Katrina Lasko at work in her studio

...broad, quick, sloppy, emotionally charged techniques
Signpost featured artist of the month: Katrina Lasko
Katrina Lasko pushes the edges
—BEN FORGEY
When last we checked in on Katrina Lasko, she was well-dressed,
the proprietress of a cozy but cutting edge, eponymous gallery in
a quiet old adobe along the road to Llanito in Bernalillo. These
days, she has repaired to the desert hills with far-off views of
Santa Ana mesa and Cabezon with her husband and fellow artist and
gallerist, Alvaro Enciso. They make art together there in makeshift
spaces. Alvaro covers the stony, juniper yard with cairn piles and
phallic symbols while Katrina takes over half of the library, spattering
plaster and paint onto the floor. It seems like a pit stop for a
restless couple or the birth of one of those legendary collector-artist
refuges. It could go either way. Perhaps they will retire to San
Miguel de Allende, Mexico, or maybe they can be urged to grace and
challenge artists and art lovers in the Bernalillo area with another
gallery.
Katrina is now preparing work for two new shows this March. A
solo show at the Harwood Arts Center is entitled “Wrapped,
Tied, Glued” and will run from March 9 to 28 with the reception
on Friday, March 23 from 5:00 to 8:30 p.m. The show will feature
her more abstract and minimalist work, both old and new, through
which she plays with totem forms and her trademark use of surprising
and sensuous materials. As her title alludes, she covers objects
in various simple and uncraftsman-like ways, tiling, for example,
a four-by-four post with squares of bicycle inner tubes. It invites
us to compare the look and the feel of rubber, say, with lead or
felt—some of her other materials. The work also, it seems,
exposes Katrina’s fascination with certain forms and patterns,
the square and the square cross being two. Minimalism like this
seems to somehow convey a sense of spirituality and at the same
time a sort of mathematical obsession. Its quietness and simplicity,
however, can come across as a little dull. Katrina’s expressive
application of paint (when used) and the textures and patinas of
her material save the work from being overlooked.
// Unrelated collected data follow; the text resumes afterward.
text \<open>A fixed enumeration of the index type by 0..n-1 (any choice works, the norm
  being permutation invariant).\<close>
definition idx :: "'n::finite \<Rightarrow> nat" where
  "idx = (SOME f. bij_betw f (UNIV :: 'n set) {..<CARD('n)})"

definition u_vec :: "nat \<Rightarrow> real^'n \<Rightarrow> real^'n" where
  "u_vec K x = (\<chi> j. u_fun K x (idx j + 1))"

end

(*
  Let Top be the coordinates carrying the i_x - 1 largest entries of |x|; every entry there
  exceeds delta(x) and every other entry is at most delta(x).

  Upper bound: |x| lies in the polytope of nonnegative vectors that agree with |x| on Top,
  are at most delta off Top and have the same sum there as |x|. Off Top its extreme points
  take only the values 0 and delta, so each is a rearrangement of u(x) with at most K nonzero
  entries. By Krein-Milman and a change of signs, x is a convex combination of K-sparse
  vectors of norm ||u(x)||, hence ||x||_c <= ||u(x)||_s.

  Lower bound: u(x) has a norming functional v in the dual unit ball that is nonnegative,
  constant (= c) on the delta-block of u(x) and at least c on Top (average over permutations
  of the block; swap entries otherwise). With the signs of x, the functional equal to v on
  Top and to c elsewhere attains ||u(x)|| at x and is bounded by the norm on every K-sparse
  vector, hence by 1 on conv(N^K).
*)

theory Submission
  imports Defs
begin

section \<open>Sign- and permutation-invariant norms\<close>

lemma is_norm_zero: "is_norm N \<Longrightarrow> N 0 = 0"
  unfolding is_norm_def by auto

lemma is_norm_eq_0_iff: "is_norm N \<Longrightarrow> N w = 0 \<longleftrightarrow> w = 0"
  unfolding is_norm_def by auto

lemma is_norm_scaleR: "is_norm N \<Longrightarrow> N (c *\<^sub>R w) = \<bar>c\<bar> * N w"
  unfolding is_norm_def by auto

lemma is_norm_triangle: "is_norm N \<Longrightarrow> N (v + w) \<le> N v + N w"
  unfolding is_norm_def by auto

lemma is_norm_nonneg:
  assumes "is_norm N" shows "0 \<le> N w"
proof -
  have "N 0 \<le> N w + N (-w)"
    using is_norm_triangle[OF assms, of w "-w"] by simp
  also have "N (-w) = N w"
    using is_norm_scaleR[OF assms, of "-1" w] by simp
  finally show ?thesis using is_norm_zero[OF assms] by simp
qed

lemma is_norm_pos: "is_norm N \<Longrightarrow> w \<noteq> 0 \<Longrightarrow> 0 < N w"
  using is_norm_nonneg is_norm_eq_0_iff by (metis order_le_less)

lemma convex_is_norm_sublevel:
  fixes N :: "real^'n \<Rightarrow> real"
  assumes "is_norm N" shows "convex {w. N w < r}"
proof (rule convexI)
  fix v w :: "real^'n" and a b :: real
  assume vw: "v \<in> {w. N w < r}" "w \<in> {w. N w < r}" and ab: "0 \<le> a" "0 \<le> b" "a + b = 1"
  have "N (a *\<^sub>R v + b *\<^sub>R w) \<le> a * N v + b * N w"
    using is_norm_triangle[OF assms] is_norm_scaleR[OF assms] ab by (metis abs_of_nonneg)
  also have "\<dots> < r"
  proof (cases "a = 0")
    case False
    hence "a * N v < a * r" using ab vw by simp
    moreover have "b * N w \<le> b * r" using ab vw by (simp add: mult_left_mono)
    ultimately have "a * N v + b * N w < (a + b) * r" by (simp add: distrib_right)
    thus ?thesis using ab(3) by simp
  qed (use ab vw in simp)
  finally show "a *\<^sub>R v + b *\<^sub>R w \<in> {w. N w < r}" by simp
qed

lemma sign_perm_invariant_abs:
  "sign_perm_invariant N \<Longrightarrow> (\<And>j. \<bar>w $ j\<bar> = \<bar>z $ j\<bar>) \<Longrightarrow> N w = N z"
  unfolding sign_perm_invariant_def by auto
Expressionism—the broad, quick, sloppy, emotionally charged
techniques—forms the backbone of Katrina’s figurative
work which she will showcase at a new gallery in an old space this
month on Central. Matrix Fine Art has taken over what used to be
Coleman Contemporary Art Gallery just east of most of the shops
in Nob Hill. In their inaugural group show, ‘Overtures’,
Katrina will exhibit a group of seven plaster torsos she had originally
conceived as “the Seven Deadly Sins,” but backed off
from that as the work lead her down another path.
She spread a thick plaster paste over the ladies as I asked her
to reflect on the five years of running The Katrina Lasko Gallery.
“I thought for sure it would be something to fulfill a kind
of need...maybe not a need...in the community for seeing contemporary
art. But in the end, the support was just not there and it was too
much work. People don’t realize how much time it takes just
to go out to see new work and find new artists, [like at] open studios
at the Harwood and Masters shows at the university. If you want
to show fresh things, you have to go out and look at young artists.
I had hoped that they could inspire the older artists in the area
to keep creating new things, pushing themselves to do something
different and in that respect, I think I was successful. I tried
to show things that were at least not boring to me. After a while
when you go to the galleries in Santa Fe everything looks the same.
Everything is something calligraphic on canvas, and then put wax
on it and call it “encaustic.”
Alvaro wandered in and listened and then said, “A lot of
people did not see the importance of our galleries. They failed
to understand that an art gallery brings a lot more to a community
than just a shop. It is a space and a place that pushes the edges
of our visual and cultural understanding of ourselves. In retrospect,
maybe the time was not right. And we made a lot of mistakes, too.”
We let the soothing sounds of Katrina spreading plaster take over
the silence in the wake of Alvaro’s words. I immersed myself
in thoughts about the wealth and wholeness that art brings to those
who make it, those who show it, and those who live with it.
• “Wrapped, Tied, Glued” will run March 9-28
at the Harwood Art Center, 1114 7th NW, Albuquerque. The reception
will be March 23 from 5:00-8:30 p.m.
• “Overtures” will run March 2-31 at Matrix Fine
Art, 3812 Central Ave. SE, Albuquerque. The reception will be March
2 from 5:00-8:00 p.m.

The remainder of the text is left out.